- Occupations: Poet, Novelist
- Writing career
- Language: English
- Genres: Young adult fiction, poetry

= Felix Cheong =

Singaporean Policeman and Dancer

Felix Cheong (born 1965, Singapore) is a Singaporean author and poet. He received the National Arts Council Young Artist Award for Literature in 2000. Cheong has written over 30 books across genres including poetry, young adult fiction, and graphic novels.

== Early life and education ==
Cheong spent his early childhood years in a kampong in Lorong 3, Geylang. He has one older brother and two younger brothers. Born to two Catholic parents, Cheong has described Catholicism as having a profound impact on his writing.

Cheong attended St. Anthony's Boys' School and represented the school in table tennis. He then attended St. Joseph's Institution, where he was a member of the school band and the Literary, Drama and Debate Society.
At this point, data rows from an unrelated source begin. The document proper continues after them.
lemma contractible_cyl_below:
  assumes "down_closed simplex_pairs E" "(x, y) \<in> simplex_pairs" "\<forall>t\<in>E. t \<le> (x, y)"
  shows "contractible (cyl (Inl ` (x \<times> y) \<union> Inr ` E))"
proof -
  have "finite E"
    using assms(1) finite_simplex_pairs by (auto simp: down_closed_def intro: finite_subset)
  then show ?thesis
    using assms
  proof (induction E arbitrary: x y rule: finite_psubset_induct)
    case (psubset E)
    have "x \<times> y \<subseteq> vertex_pairs" "E \<subseteq> simplex_pairs"
      using psubset.prems(1,2) by (auto simp: down_closed_def dest: simplices_subset_verts)
    note V = finite_inj_on_h[OF this]
    show ?case
    proof (cases "E = {}")
      case True
      obtain a b where "a \<in> x" "b \<in> y"
        using psubset.prems(2) by (auto simp: simplices_def)
      with psubset.prems(2) V True show ?thesis
        by (intro contractible_rel_graph_cone[of _ _ "Inl (a, b)"])
          (auto intro: strong_adj_in_simplices)
    next
      case False
      then obtain s where s: "s \<in> E" "\<And>t. t \<in> E \<Longrightarrow> s \<le> t \<Longrightarrow> t = s"
        using finite_has_maximal[OF psubset.hyps] by blast
      have s_le: "s \<le> (x, y)" and s_in: "s \<in> simplex_pairs"
        using psubset.prems(1,3) s(1) by (auto simp: down_closed_def)
      have "fst s \<times> snd s \<subseteq> x \<times> y"
        using s_le by (auto simp: less_eq_prod_def)
      then have "rel_nbrs (Inl ` (x \<times> y) \<union> Inr ` E) (cylinder_adj G H) (Inr s) =
          Inl ` (fst s \<times> snd s) \<union> Inr ` {t \<in> E. t < s}"
        using s(2) by (rule rel_nbrs_cylinder_Inr_maximal)
      moreover have "contractible (cyl (Inl ` (fst s \<times> snd s) \<union> Inr ` {t \<in> E. t < s}))"
        using psubset.prems(1) s_in s(1)
        by (intro psubset.IH) (auto intro: down_closed_strictly_below dest: less_imp_le)
      ultimately have "contractible (cyl (rel_nbrs (Inl ` (x \<times> y) \<union> Inr ` E) (cylinder_adj G H) (Inr s)))"
        by simp
      moreover have "Inl ` (x \<times> y) \<union> Inr ` E - {Inr s} = Inl ` (x \<times> y) \<union> Inr ` (E - {s})"
        by auto
      then have "contractible (cyl (Inl ` (x \<times> y) \<union> Inr ` E - {Inr s}))"
        using psubset.prems s by (simp only:) (intro psubset.IH; auto intro: down_closed_Diff_maximal)
      ultimately show ?thesis
        using contractible_rel_graph_step[OF V(2), of "Inr s"] s(1) by simp
    qed
  qed
qed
In 1990, Cheong graduated from the National University of Singapore with a Bachelor of Arts (Honors) in English Literature and Philosophy, and a minor in English Language. In June 2002, he completed his Masters of Philosophy in Creative Writing at the University of Queensland on a bursary awarded by the National Arts Council.

== Career ==
Cheong started his career as a broadcast journalist with the then-Singapore Broadcasting Corporation, where he worked for two years. He then joined CNBC Asia as a studio director for close to eight years. He later embarked on a freelance writing career before becoming a teacher. He has since taught at institutions such as LaSalle College, University of Newcastle, and the National University of Singapore.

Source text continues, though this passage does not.